Record extracts:
(* Let $\mathbb{A},\mathbb{B}$ be real square matrices of the same size such that $\mathbb{A}$ is a non-singular symmetric matrix with exactly one negative eigenvalue and $\mathbb{A}\mathbb{B}$ is skew-symmetric. Then $\mathbb{A}+\mathbb{B}$ is invertible and has exactly one negative eigenvalue, whose geometric multiplicity is $1$. *)

theory Defs
  imports "Jordan_Normal_Form.Jordan_Normal_Form_Uniqueness"
begin

definition neg_eig_count :: "real mat \<Rightarrow> nat" where
  "neg_eig_count A = (\<Sum>k \<in> {k. eigenvalue A k \<and> k < 0}. Polynomial.order k (char_poly A))"

definition geom_mult :: "real mat \<Rightarrow> real \<Rightarrow> nat" where
  "geom_mult A k = dim_gen_eigenspace A k 1"

end

theory Submission
  imports Defs "HOL-Analysis.Function_Topology" "HOL-Analysis.Convex"
begin

text \<open>Write \<open>M = A + B\<close>. As \<open>AB\<close> is skew-symmetric, \<open>x \<bullet> AMy + y \<bullet> AMx = 2 (Ax \<bullet> Ay)\<close>;
  for eigenvectors \<open>Mx = lx\<close>, \<open>My = my\<close> this gives \<open>l (x \<bullet> Ax) = |Ax|\<^sup>2\<close> and
  \<open>(l + m) (x \<bullet> Ay) = 2 (Ax \<bullet> Ay)\<close>. So \<open>M\<close> is nonsingular, and the eigenvectors of \<open>M\<close> with
  negative eigenvalues are negative vectors of the quadratic form of \<open>A\<close>. Two independent such
  eigenvectors would span a plane on which this form is negative definite (for distinct
  eigenvalues by Cauchy-Schwarz), which is impossible when \<open>A\<close> has a single negative
  eigenvalue; this gives uniqueness and geometric multiplicity one. For existence, all \<open>A + tB\<close>,
  \<open>0 \<le> t \<le> 1\<close>, are nonsingular, so \<open>det M\<close> has the sign of \<open>det A < 0\<close>, and a real matrix of
  negative determinant has a negative eigenvalue by the intermediate value theorem. The
  eigenvalues of \<open>A\<close> are related to its quadratic form by the spectral theorem, proved by
  minimising the Rayleigh quotient.\<close>

section \<open>The spectral theorem for real symmetric matrices\<close>

text \<open>Vectors of \<open>\<real>\<^sup>n\<close> are encoded as functions \<open>nat \<Rightarrow> real\<close> of which only the first \<open>n\<close>
  values matter, so that (after truncation) the unit sphere is a compact subset of the product
  topology.\<close>

definition fdot :: "nat \<Rightarrow> (nat \<Rightarrow> real) \<Rightarrow> (nat \<Rightarrow> real) \<Rightarrow> real" where
  "fdot n f g = (\<Sum>i<n. f i * g i)"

Assigned task:
From the entries above, work out how many lines include "this"; the number is the only answer wanted.

The completed task:
3